Some hope in the crisis of bee colony losses: For the past four years, a phenomenon called “colony collapse disorder” has decimated the bee populations in America and Europe, threatening to wreak havok on agricultural production, which depends on bees for crop pollinization ( This was one of those many potentially devastating crises looming on the margins of public awareness; potentially devastating because without bees pollinating crops, agricultural production could virtually collapse. The October 25 issue of Time Magazine reports that the cause for this phenomenon may have been found: A combination of viral and fungal infections, providing a one-two punch that is either the cause or a side-effect of colony collapse disorder. If the former, there is some hope for a solution. As Time reports: “The virus can be eradicated only by culling infected hives, but the fungus can be controlled with commercially available antibiotics.”

Colorado too easily hijacked by fanatical extremists: The Denver Post argued in an editorial today that the case of Doug Bruce secretly funding draconian (and insanely fiscally self-destructive) ballot measures 60, 61, and 101 is an object lesson in the need for tightening enforcement of current election laws, which require procedures for reporting and tracking information about who is supporting and financing ballot initiatives.

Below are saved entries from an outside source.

lemma convolution_form_nonneg:
  fixes a :: "nat \<Rightarrow> nat \<Rightarrow> real" and w :: "nat \<Rightarrow> real"
  assumes nonneg: "\<And>n l. 1 \<le> l \<Longrightarrow> l \<le> n \<Longrightarrow> n \<le> N \<Longrightarrow> 0 \<le> abel_diff (a n) l"
    and antimono: "\<And>n l. 1 \<le> l \<Longrightarrow> l \<le> n \<Longrightarrow> Suc n \<le> N \<Longrightarrow>
        abel_diff (a (Suc n)) l \<le> abel_diff (a n) l"
  shows "0 \<le> (\<Sum>n=1..N. w n * (\<Sum>l=1..n. a n l * w l))"
proof -
  define S where "S n l = (\<Sum>i=l..n. w i)" for n l
  define P where "P n = (\<Sum>l=1..n. abel_diff (a n) l * (S n l)\<^sup>2)" for n
  have step: "P (Suc n) - P n \<le> 2 * (w (Suc n) * (\<Sum>l=1..Suc n. a (Suc n) l * w l))"
    if "Suc n \<le> N" for n
  proof -
    let ?d = "abel_diff (a (Suc n))"
    have S_Suc: "S (Suc n) l = S n l + w (Suc n)" if "l \<le> Suc n" for l
      using that by (simp add: S_def)
    have by_parts: "(\<Sum>l=1..Suc n. a (Suc n) l * w l) = (\<Sum>l=1..Suc n. ?d l * S (Suc n) l)"
      unfolding S_def by (rule sum_by_parts_abel_diff)
    have "2 * (w (Suc n) * (\<Sum>l=1..Suc n. a (Suc n) l * w l))
        = (\<Sum>l=1..Suc n. ?d l * ((S (Suc n) l)\<^sup>2 - (S n l)\<^sup>2) + ?d l * (w (Suc n))\<^sup>2)"
      unfolding by_parts sum_distrib_left
      by (rule sum.cong) (auto simp: S_Suc power2_eq_square algebra_simps)
    also have "\<dots> = P (Suc n) - (\<Sum>l=1..n. ?d l * (S n l)\<^sup>2) + (\<Sum>l=1..Suc n. ?d l * (w (Suc n))\<^sup>2)"
      by (simp add: P_def S_def sum.distrib sum_subtractf right_diff_distrib)
    finally have eq: "2 * (w (Suc n) * (\<Sum>l=1..Suc n. a (Suc n) l * w l))
        = P (Suc n) - (\<Sum>l=1..n. ?d l * (S n l)\<^sup>2) + (\<Sum>l=1..Suc n. ?d l * (w (Suc n))\<^sup>2)" .
    have "(\<Sum>l=1..n. ?d l * (S n l)\<^sup>2) \<le> P n"
      unfolding P_def by (rule sum_mono) (use antimono that in \<open>auto intro!: mult_right_mono\<close>)
    moreover have "0 \<le> (\<Sum>l=1..Suc n. ?d l * (w (Suc n))\<^sup>2)"
      by (rule sum_nonneg) (use nonneg that in auto)
    ultimately show ?thesis using eq by linarith
  qed
  have "P n \<le> 2 * (\<Sum>k=1..n. w k * (\<Sum>l=1..k. a k l * w l))" if "n \<le> N" for n
    using that
  proof (induction n)
    case (Suc n)
    then show ?case using step[of n] by simp
  qed (simp add: P_def)
  moreover have "0 \<le> P N"
    unfolding P_def by (rule sum_nonneg) (use nonneg in auto)
  ultimately show ?thesis by fastforce
qed
(* Assume $h,\tau$ are such that $\int_0^T\int_{\mathcal D}\tilde Q_{h\tau}(t)\,dx\,dt>0$, and let $\rho>0$. For $V\in\mathbb U_{h\tau}$ define $$\mu(V)=\frac{\max\big\{\int_0^T\int_{\mathcal D}\mathbb E[X_{h\tau}(V)]\,dx\,dt-\delta,\,0\big\}}{\rho\int_0^T\int_{\mathcal D}\tilde Q_{h\tau}(t)\,dx\,dt},\qquad \mathbb R_hV:=V-\rho\,\mu(V)\,\tilde M_{h\tau}.$$ Then for every $V\in\mathbb U_{h\tau}$, $$\mathbb E\big[[V-\mathbb R_hV,\,W-\mathbb R_hV]\big]\le0\qquad\forall W\in\mathbb U_{h\tau,\delta},$$ and for all $V,P\in\mathbb U_{h\tau}$, $$\int_0^T\mathbb E\|\mathbb R_hV(t)-\mathbb R_hP(t)\|^2dt\le\int_0^T\mathbb E\|V(t)-P(t)\|^2dt.$$
   Context: Setting: $T>0$; complete probability space with $\mathbb F=\{\mathcal F_t\}$ the natural filtration of a one-dimensional standard Brownian motion $W_t$; $\mathcal D\subset\mathbb R^d$ ($d=1,2,3$) bounded with smooth boundary; $\|\cdot\|$ the $L^2(\mathcal D)$ norm; $[U,V]=\int_0^T\int_{\mathcal D}UV\,dx\,dt$. Data $\delta\in\mathbb R$, $X_0\in L^2(\mathcal D)$, $\sigma$ adapted square-integrable $L^2(\mathcal D)$-valued. Finite elements: regular triangulation with mesh size $h$; $\mathbb V_h^1$ continuous piecewise linears vanishing on $\partial\mathcal D$; $\Pi^1_h$ the $L^2$-projection onto $\mathbb V^1_h$; $\Delta_h$ with $(-\Delta_h\xi_h,\phi_h)=(\nabla\xi_h,\nabla\phi_h)$. Time grid $t_n=n\tau$, $\tau=T/N\le1$, $\Delta W_{n+1}=W_{t_{n+1}}-W_{t_n}$. $\mathbb U_{h\tau}$: $\mathbb F$-adapted square-integrable $\mathbb V^1_h$-valued processes with $U(t)=U(t_n)$ on $[t_n,t_{n+1})$. For $V\in\mathbb U_{h\tau}$, $X_{h\tau}(V)$ is defined by $X(t_{n+1})-X(t_n)=\tau[\Delta_hX(t_{n+1})+V(t_n)]+\Pi^1_h\sigma(t_n)\Delta W_{n+1}$, $X(0)=\Pi^1_hX_0$, and $X(t)=\mathbb E[X(t_{n+1})|\mathcal F_{t_n}]$ for $t\in(t_n,t_{n+1})$. $\mathbb U_{h\tau,\delta}=\{V\in\mathbb U_{h\tau}:\int_0^T\int_{\mathcal D}\mathbb E[X_{h\tau}(V)]dxdt\le\delta\}$. Deterministic functions: $\tilde M_{h\tau}$ ($\mathbb V^1_h$-valued, $\tilde M(t)=\tilde M(t_n)$ on $[t_n,t_{n+1})$) solves $\tilde M_{h\tau}(t_{n+1})-\tilde M_{h\tau}(t_n)=\tau[-\Delta_h\tilde M_{h\tau}(t_n)-\Pi^1_h1]$, $\tilde M_{h\tau}(T)=0$; $\tilde Q_{h\tau}$ ($\mathbb V^1_h$-valued, $\tilde Q(t)=\tilde Q(t_{n+1})$ on $(t_n,t_{n+1}]$) solves $\tilde Q_{h\tau}(t_{n+1})-\tilde Q_{h\tau}(t_n)=\tau[\Delta_h\tilde Q_{h\tau}(t_{n+1})+\tilde M_{h\tau}(t_n)]$, $\tilde Q_{h\tau}(0)=0$. *)

theory Defs
  imports "HOL-Probability.Probability"
begin

definition brownian_motion :: "'a measure \<Rightarrow> (real \<Rightarrow> 'a \<Rightarrow> real) \<Rightarrow> bool" where
  "brownian_motion M B \<longleftrightarrow> prob_space M \<and>
     (\<forall>t\<ge>0. B t \<in> borel_measurable M) \<and>
     (\<forall>\<omega>\<in>space M. B 0 \<omega> = 0) \<and>
     (\<forall>\<omega>\<in>space M. continuous_on {0..} (\<lambda>t. B t \<omega>)) \<and>
     (\<forall>s t. 0 \<le> s \<and> s < t \<longrightarrow>
        distributed M lborel (\<lambda>\<omega>. B t \<omega> - B s \<omega>) (normal_density 0 (sqrt (t - s)))) \<and>
     (\<forall>(ts::nat \<Rightarrow> real) k. 0 \<le> ts 0 \<and> (\<forall>i<k. ts i < ts (Suc i)) \<longrightarrow>
        prob_space.indep_vars M (\<lambda>_. borel) (\<lambda>i \<omega>. B (ts (Suc i)) \<omega> - B (ts i) \<omega>) {..<k})"

definition nat_filtration :: "'a measure \<Rightarrow> (real \<Rightarrow> 'a \<Rightarrow> real) \<Rightarrow> real \<Rightarrow> 'a measure" where
  "nat_filtration M B t = sigma (space M)
     ((\<Union>s\<in>{0..t}. {B s -` A \<inter> space M | A. A \<in> sets borel}) \<union> null_sets M)"

definition vcond_exp :: "'a measure \<Rightarrow> 'a measure \<Rightarrow> ('a \<Rightarrow> 'v::euclidean_space) \<Rightarrow> 'a \<Rightarrow> 'v" where
  "vcond_exp M F Y = (\<lambda>\<omega>. \<Sum>b\<in>Basis. real_cond_exp M F (\<lambda>x. inner (Y x) b) \<omega> *\<^sub>R b)"

(* index n with t in [t_n, t_{n+1}) *)
definition tstep :: "real \<Rightarrow> real \<Rightarrow> nat" where
  "tstep \<tau> t = nat \<lfloor>t / \<tau>\<rfloor>"

definition admissible :: "'a measure \<Rightarrow> (real \<Rightarrow> 'a \<Rightarrow> real) \<Rightarrow> real \<Rightarrow> nat \<Rightarrow> (real \<Rightarrow> 'a \<Rightarrow> 'v::euclidean_space) set" where
  "admissible M B T N = {U. \<forall>n<N.
      U (real n * (T / real N)) \<in> borel_measurable (nat_filtration M B (real n * (T / real N))) \<and>
      integrable M (\<lambda>\<omega>. (norm (U (real n * (T / real N)) \<omega>))\<^sup>2) \<and>
      (\<forall>t. real n * (T / real N) \<le> t \<and> t < real (Suc n) * (T / real N) \<longrightarrow>
             U t = U (real n * (T / real N)))}"

(* Discrete state X_{h tau}(V)(t_n); Lap = Delta_h, X0 = Pi_h X_0, S n = Pi_h sigma(t_n) *)
fun Xdisc :: "(real \<Rightarrow> 'a \<Rightarrow> real) \<Rightarrow> real \<Rightarrow> ('v::euclidean_space \<Rightarrow> 'v) \<Rightarrow> 'v \<Rightarrow> (nat \<Rightarrow> 'a \<Rightarrow> 'v)
      \<Rightarrow> (real \<Rightarrow> 'a \<Rightarrow> 'v) \<Rightarrow> nat \<Rightarrow> 'a \<Rightarrow> 'v" where
  "Xdisc B \<tau> Lap X0 S V 0 \<omega> = X0"
| "Xdisc B \<tau> Lap X0 S V (Suc n) \<omega> =
     (THE y. y - Xdisc B \<tau> Lap X0 S V n \<omega> =
        \<tau> *\<^sub>R (Lap y + V (real n * \<tau>) \<omega>)
        + (B (real (Suc n) * \<tau>) \<omega> - B (real n * \<tau>) \<omega>) *\<^sub>R S n \<omega>)"

definition Xproc :: "'a measure \<Rightarrow> (real \<Rightarrow> 'a \<Rightarrow> real) \<Rightarrow> real \<Rightarrow> nat \<Rightarrow> ('v::euclidean_space \<Rightarrow> 'v) \<Rightarrow> 'v
      \<Rightarrow> (nat \<Rightarrow> 'a \<Rightarrow> 'v) \<Rightarrow> (real \<Rightarrow> 'a \<Rightarrow> 'v) \<Rightarrow> real \<Rightarrow> 'a \<Rightarrow> 'v" where
  "Xproc M B T N Lap X0 S V t =
     (let \<tau> = T / real N; n = tstep \<tau> t in
      if t = real n * \<tau> then Xdisc B \<tau> Lap X0 S V n
      else vcond_exp M (nat_filtration M B (real n * \<tau>)) (Xdisc B \<tau> Lap X0 S V (Suc n)))"

(* int_0^T int_D E[X_{h tau}(V)] dx dt, with int_D xi dx = (xi, Pi_h 1) for xi in V_h *)
definition cost :: "'a measure \<Rightarrow> (real \<Rightarrow> 'a \<Rightarrow> real) \<Rightarrow> real \<Rightarrow> nat \<Rightarrow> ('v::euclidean_space \<Rightarrow> 'v) \<Rightarrow> 'v
      \<Rightarrow> 'v \<Rightarrow> (nat \<Rightarrow> 'a \<Rightarrow> 'v) \<Rightarrow> (real \<Rightarrow> 'a \<Rightarrow> 'v) \<Rightarrow> real" where
  "cost M B T N Lap one X0 S V =
     integral {0..T} (\<lambda>t. inner (integral\<^sup>L M (Xproc M B T N Lap X0 S V t)) one)"

definition admissible_delta where
  "admissible_delta M B T N Lap one X0 S \<delta> =
     {V \<in> admissible M B T N. cost M B T N Lap one X0 S V \<le> \<delta>}"

(* tilde M: backward, Mback k = tilde M(t_{N-k}) *)
fun Mback :: "real \<Rightarrow> ('v::euclidean_space \<Rightarrow> 'v) \<Rightarrow> 'v \<Rightarrow> nat \<Rightarrow> 'v" where
  "Mback \<tau> Lap one 0 = 0"
| "Mback \<tau> Lap one (Suc k) = (THE y. Mback \<tau> Lap one k - y = \<tau> *\<^sub>R (- Lap y - one))"

definition Mdisc :: "real \<Rightarrow> nat \<Rightarrow> ('v::euclidean_space \<Rightarrow> 'v) \<Rightarrow> 'v \<Rightarrow> nat \<Rightarrow> 'v" where
  "Mdisc T N Lap one n = Mback (T / real N) Lap one (N - n)"

definition Mtilde :: "real \<Rightarrow> nat \<Rightarrow> ('v::euclidean_space \<Rightarrow> 'v) \<Rightarrow> 'v \<Rightarrow> real \<Rightarrow> 'v" where
  "Mtilde T N Lap one t = Mdisc T N Lap one (tstep (T / real N) t)"

fun Qdisc :: "real \<Rightarrow> nat \<Rightarrow> ('v::euclidean_space \<Rightarrow> 'v) \<Rightarrow> 'v \<Rightarrow> nat \<Rightarrow> 'v" where
  "Qdisc T N Lap one 0 = 0"
| "Qdisc T N Lap one (Suc n) = (THE y. y - Qdisc T N Lap one n =
      (T / real N) *\<^sub>R (Lap y + Mdisc T N Lap one n))"

(* tilde Q(t) = tilde Q(t_{n+1}) on (t_n, t_{n+1}] *)
definition Qtilde :: "real \<Rightarrow> nat \<Rightarrow> ('v::euclidean_space \<Rightarrow> 'v) \<Rightarrow> 'v \<Rightarrow> real \<Rightarrow> 'v" where
  "Qtilde T N Lap one t = Qdisc T N Lap one (nat \<lceil>t / (T / real N)\<rceil>) "

definition mu where
  "mu M B T N Lap one X0 S \<delta> \<rho> V =
     max (cost M B T N Lap one X0 S V - \<delta>) 0 /
       (\<rho> * integral {0..T} (\<lambda>t. inner (Qtilde T N Lap one t) one))"

definition Rh where
  "Rh M B T N Lap one X0 S \<delta> \<rho> V =
     (\<lambda>t \<omega>. V t \<omega> - (\<rho> * mu M B T N Lap one X0 S \<delta> \<rho> V) *\<^sub>R Mtilde T N Lap one t)"

end

theory Submission
  imports Defs
begin

text \<open>
  The constraint functional \<open>J(V) = \<integral>\<^sub>0\<^sup>T\<integral>\<^sub>D E[X\<^sub>h\<^sub>\<tau>(V)]\<close> is affine in \<open>V\<close>: the mean of
  the implicit Euler scheme satisfies a deterministic recursion with the self-adjoint step
  operator \<open>I - \<tau>\<Delta>\<^sub>h\<close>, and summation by parts against the backward scheme for \<open>M\<^sub>h\<^sub>\<tau>\<close>
  shows that its gradient is \<open>M\<^sub>h\<^sub>\<tau>\<close>. The same duality applied to \<open>Q\<^sub>h\<^sub>\<tau>\<close> gives
  \<open>\<integral>\<^sub>0\<^sup>T\<integral>\<^sub>D Q\<^sub>h\<^sub>\<tau> = [M\<^sub>h\<^sub>\<tau>, M\<^sub>h\<^sub>\<tau>]\<close>. Hence the admissible set with \<open>J \<le> \<delta>\<close> is a
  half-space with normal \<open>M\<^sub>h\<^sub>\<tau>\<close> and \<open>R\<^sub>h\<close> is the orthogonal projection onto it, so both
  claims reduce to scalar inequalities for the multiplier \<open>max (J(V) - \<delta>) 0 / [M\<^sub>h\<^sub>\<tau>, M\<^sub>h\<^sub>\<tau>]\<close>.
\<close>

lemma has_integral_grid_step:
  fixes f :: "real \<Rightarrow> 'b::banach" and c :: "nat \<Rightarrow> 'b"
  assumes tau: "\<tau> > 0"
    and step: "\<And>n t. n < K \<Longrightarrow> real n * \<tau> < t \<Longrightarrow> t < real (Suc n) * \<tau> \<Longrightarrow> f t = c n"
  shows "(f has_integral (\<Sum>n<K. \<tau> *\<^sub>R c n)) {0..real K * \<tau>}"
  using step
proof (induction K)
  case 0
  show ?case using has_integral_refl(2)[of f "0::real"] by simp
next
  case (Suc K)
  let ?a = "real K * \<tau>" and ?b = "real (Suc K) * \<tau>"
  have IH: "(f has_integral (\<Sum>n<K. \<tau> *\<^sub>R c n)) {0..?a}"
    using Suc by simp
  have le: "?a \<le> ?b" using tau by simp
  have const: "((\<lambda>x. c K) has_integral \<tau> *\<^sub>R c K) {?a..?b}"
    using has_integral_const_real[of "c K" ?a ?b] le by (simp add: algebra_simps)
  have last: "(f has_integral \<tau> *\<^sub>R c K) {?a..?b}"
  proof (rule has_integral_spike_finite[OF _ _ const])
    show "finite {?a, ?b}" by simp
    show "f x = c K" if "x \<in> {?a..?b} - {?a, ?b}" for x
      using that Suc.prems[of K x] by auto
  qed
  show ?case using has_integral_combine[OF _ le IH last] tau by simp
qed

lemma integral_grid_step:
  fixes f :: "real \<Rightarrow> 'b::banach" and c :: "nat \<Rightarrow> 'b"
  assumes "\<tau> > 0"
    and "\<And>n t. n < K \<Longrightarrow> real n * \<tau> < t \<Longrightarrow> t < real (Suc n) * \<tau> \<Longrightarrow> f t = c n"
  shows "integral {0..real K * \<tau>} f = (\<Sum>n<K. \<tau> *\<^sub>R c n)"
  using has_integral_grid_step[OF assms] by (rule integral_unique)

But we really need to go farther: We need to make it harder to amend the constitution via ballot initiative. The fact that it is as easy, through popular initiative, to pass a state constitutional amendment (which the state legislature can’t then amend in order to make it workable) as mere legislation means that the preference is for constitutional amendments, a fact which has already turned Colorado’s state constitution into a mess of poorly drafted, poorly conceived, and often contradictory provisions.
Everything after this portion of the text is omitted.